Different drugs and agents have been repurposed in managing Covid-19 since the emergence of this pandemic (Al-Kuraishy et al. 2020b). Nevertheless, using these repurposed drugs like hydroxychloroquine and azithromycin is accompanied by adverse effects (Lane et al. 2020). Systematic reviews also confirmed the ineffectiveness of most repurposed drugs in managing Covid-19 (Kamarullah et al. 2021). Interestingly, the appearance of corona virus variants with recurrent infection, even in vaccinated persons, needs more searches to find harmless and efficient drugs or agents against this virus infection (Tay et al. 2022). The current study focusses on one of these agents, which is obeticholic acid (OCA), which was previously reported to possess anti-inflammatory effects against various intestinal and liver diseases (Chen et al. 2016). Thus, this perspective aimed to focus on the possible therapeutic efficacy of obeticholic acid (OCA) in managing Covid-19 infection.

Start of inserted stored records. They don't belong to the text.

lemma le_wcons_True: "lex_le w (wcons True w)"
proof (cases "\<forall>i. w i")
  case True
  then have "wcons True w = w" by (auto simp: fun_eq_iff wcons_def split: nat.split)
  then show ?thesis by simp
next
  case False
  then obtain a where a: "\<not> w a" "\<forall>i<a. w i"
    using exists_least_iff[of "\<lambda>i. \<not> w i"] by auto
  have wcons_True: "wcons True w i" if "i \<le> a" for i
    using that a(2) by (cases i) auto
  have "lex_less w (wcons True w)"
    unfolding lex_less_def using a wcons_True less_imp_le by blast
  then show ?thesis by (simp add: lex_le_def)
qed

lemma wcons_False_le: "lex_le (wcons False w) w"
proof -
  have "lex_le (neg w) (neg (wcons False w))"
    by (simp add: neg_wcons le_wcons_True)
  then show ?thesis by simp
qed

lemma wcons_mono:
  assumes "lex_le w w'"
  shows "lex_le (wcons b w) (wcons b w')"
proof (cases "w = w'")
  case False
  with assms obtain n where n: "\<forall>i<n. w i = w' i" "\<not> w n" "w' n"
    unfolding lex_le_def lex_less_def by blast
  then have "\<forall>i<Suc n. wcons b w i = wcons b w' i"
    by (auto simp: less_Suc_eq_0_disj)
  with n have "lex_less (wcons b w) (wcons b w')"
    unfolding lex_less_def by (intro exI[of _ "Suc n"]) simp
  then show ?thesis by (simp add: lex_le_def)
qed simp

definition followers :: "bool \<Rightarrow> bword \<Rightarrow> bword set" where
  "followers b u = {suffix u (Suc k) | k. u k = b}"

lemma inf1_eq_linf_followers: "inf1 u = linf (followers True u)"
  by (simp add: inf1_def followers_def)

lemma sup0_eq_lsup_followers: "sup0 u = lsup (followers False u)"
  by (simp add: sup0_def followers_def)

lemma inf1_le_suffix: "u k \<Longrightarrow> lex_le (inf1 u) (suffix u (Suc k))"
  unfolding inf1_eq_linf_followers followers_def by (rule linf_lower) auto

lemma suffix_le_sup0: "\<not> u k \<Longrightarrow> lex_le (suffix u (Suc k)) (sup0 u)"
  unfolding sup0_eq_lsup_followers followers_def by (rule lsup_upper) auto

lemma neg_suffix: "neg (suffix u k) = suffix (neg u) k"
  by (simp add: neg_def suffix_def)

lemma neg_image_followers: "neg ` followers b u = followers (\<not> b) (neg u)"
proof -
  have "neg ` followers b u = {neg (suffix u (Suc k)) | k. u k = b}"
    unfolding followers_def by blast
  moreover have "neg u k = (\<not> u k)" for k
    by (simp add: neg_def)
  ultimately show ?thesis by (simp add: followers_def neg_suffix)
qed

lemma sup0_eq_neg_inf1_neg: "sup0 u = neg (inf1 (neg u))"
  by (simp add: sup0_eq_lsup_followers inf1_eq_linf_followers lsup_eq_neg_linf
      neg_image_followers)

lemma wsup_eq_neg_winf_neg: "wsup u = neg (winf (neg u))"
proof -
  have "neg ` {suffix u k | k. True} = {neg (suffix u k) | k. True}"
    by blast
  then have "neg ` {suffix u k | k. True} = {suffix (neg u) k | k. True}"
    by (simp add: neg_suffix)
  then show ?thesis by (simp add: wsup_def winf_def lsup_eq_neg_linf)
qed

lemma followers_wcons:
  "followers c (wcons b w) = (if b = c then insert w (followers c w) else followers c w)"
proof -
  have suffix_wcons: "suffix (wcons b w) (Suc k) = suffix w k" for k
    by (simp add: fun_eq_iff suffix_def)
  have "followers c (wcons b w) = {suffix w k | k. wcons b w k = c}"
    unfolding followers_def suffix_wcons ..
  also have "\<dots> = {w | _. b = c} \<union> followers c w"
  proof (intro equalityI subsetI)
    fix x assume "x \<in> {suffix w k | k. wcons b w k = c}"
    then obtain k where "x = suffix w k" "wcons b w k = c" by blast
    then show "x \<in> {w | _. b = c} \<union> followers c w"
      by (cases k) (auto simp: followers_def suffix_def)
  next
    fix x assume "x \<in> {w | _. b = c} \<union> followers c w"
    then show "x \<in> {suffix w k | k. wcons b w k = c}"
      unfolding followers_def
      by (auto intro: exI[of _ 0] exI[of _ "Suc _"] simp: suffix_def)
  qed
  finally show ?thesis by auto
qed

lemma inf1_suffix_Suc_change:
  assumes "inf1 (suffix u k) \<noteq> inf1 (suffix u (Suc k))"
  shows "u k \<and> inf1 (suffix u k) = suffix u (Suc k)"
  using assms linf_insert[of "suffix u (Suc k)" "followers True (suffix u (Suc k))"]
  by (metis followers_wcons inf1_eq_linf_followers suffix_eq_wcons)

lemma sup0_suffix_Suc_change:
  assumes "sup0 (suffix u k) \<noteq> sup0 (suffix u (Suc k))"
  shows "\<not> u k \<and> sup0 (suffix u k) = suffix u (Suc k)"
  using assms inf1_suffix_Suc_change[of "neg u" k]
  by (metis neg_def neg_neg neg_suffix sup0_eq_neg_inf1_neg)

lemma winf_eq_inf1:
  assumes "lex_le (inf1 v) v"
  shows "winf v = inf1 v"
proof -
  have "lex_le (inf1 v) (suffix v j)" for j
  proof (induction j)
    case (Suc j)
    show ?case
    proof (cases "v j")
      case False
      then have "lex_le (suffix v j) (suffix v (Suc j))"
        using suffix_eq_wcons[of v j] wcons_False_le by metis
      with Suc.IH show ?thesis by (rule lex.order_trans)
    qed (rule inf1_le_suffix)
  qed (simp add: suffix_def assms)
  then have "lex_le (inf1 v) (winf v)"
    unfolding winf_def by (auto intro: linf_greatest)
  moreover have "lex_le (winf v) (inf1 v)"
    unfolding winf_def inf1_def by (rule linf_antimono) auto
  ultimately show ?thesis by (rule lex.order_antisym[rotated])
qed

lemma wsup_eq_sup0: "lex_le v (sup0 v) \<Longrightarrow> wsup v = sup0 v"
  using winf_eq_inf1[of "neg v"]
  by (metis lex_le_neg neg_neg sup0_eq_neg_inf1_neg wsup_eq_neg_winf_neg)

lemma wcons_True_inf1_le_sup0:
  assumes "\<not> u z" "u (Suc z)"
  shows "lex_le (wcons True (inf1 u)) (sup0 u)"
proof -
  have "lex_le (wcons True (inf1 u)) (wcons True (suffix u (Suc (Suc z))))"
    using inf1_le_suffix[of u "Suc z", OF assms(2)] by (rule wcons_mono)
  also have "wcons True (suffix u (Suc (Suc z))) = suffix u (Suc z)"
    using suffix_eq_wcons[of u "Suc z"] assms(2) by simp
  also have "lex_le \<dots> (sup0 u)"
    using suffix_le_sup0[of u z, OF assms(1)] .
  finally show ?thesis .
qed

lemma inf1_le_wcons_False_sup0:
  assumes "u y" "\<not> u (Suc y)"
  shows "lex_le (inf1 u) (wcons False (sup0 u))"
proof -
  have "lex_le (inf1 u) (suffix u (Suc y))"
    using inf1_le_suffix[of u y, OF assms(1)] .
  also have "suffix u (Suc y) = wcons False (suffix u (Suc (Suc y)))"
    using suffix_eq_wcons[of u "Suc y"] assms(2) by simp
  also have "lex_le \<dots> (wcons False (sup0 u))"
    using suffix_le_sup0[of u "Suc y", OF assms(2)] by (rule wcons_mono)
  finally show ?thesis .
qed

lemma ex_factor_10:
  assumes "\<forall>k. u \<noteq> (\<lambda>i. k \<le> i)" and "u \<noteq> (\<lambda>_. False)"
  shows "\<exists>y. u y \<and> \<not> u (Suc y)"
proof (rule ccontr)
  assume "\<nexists>y. u y \<and> \<not> u (Suc y)"
  then have "mono u" by (auto simp: mono_iff_le_Suc le_bool_def)
  obtain k where "u k" using assms(2) by auto
  define j where "j = (LEAST i. u i)"
  have "u = (\<lambda>i. j \<le> i)"
  proof
    fix i
    show "u i = (j \<le> i)"
    proof
      show "u i \<Longrightarrow> j \<le> i"
        unfolding j_def by (rule Least_le)
      show "j \<le> i \<Longrightarrow> u i"
        using monoD[OF \<open>mono u\<close>, of j i] LeastI[of u k, OF \<open>u k\<close>]
        unfolding j_def by (auto simp: le_bool_def)
    qed
  qed
  then show False using assms(1) by blast
qed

Pharmacology of obeticholic acid (OCA)
As illustrated in Fig. 1, OCA is a dihydroxy-5-β-cholanic acid, a synthetic derivative of bile acid that works as a natural legend for farnesoid X receptor (Markham and Keam 2016). OCA lessens liver exposure to the impact of bile acids (Nevens et al. 2016). In addition, it binds and activates FXRs in the intestine and liver, leading to anti-inflammatory and anti-fibrotic impacts with modulation of metabolic profiles. It also inhibits the production of bile acids and increases their transport outside the hepatocytes (Chapman and Lynch 2020). Activation of FXRs by OCA is 100 times higher than that exerted by chenodeoxycholic acid in attenuating intestinal and hepatic inflammation and/or fibrosis (Fiorucci et al. 2019). Through modulation of bile acid homeostasis, OCA effectively reduces cholestasis-induced liver inflammation/injury. Thus, OCA is prescribed in managing primary biliary cholangitis, liver cirrhosis, portal hypertension, and non-alcoholic liver inflammatory diseases (Hirschfield et al. 2015; Neuschwander-Tetri et al. 2015).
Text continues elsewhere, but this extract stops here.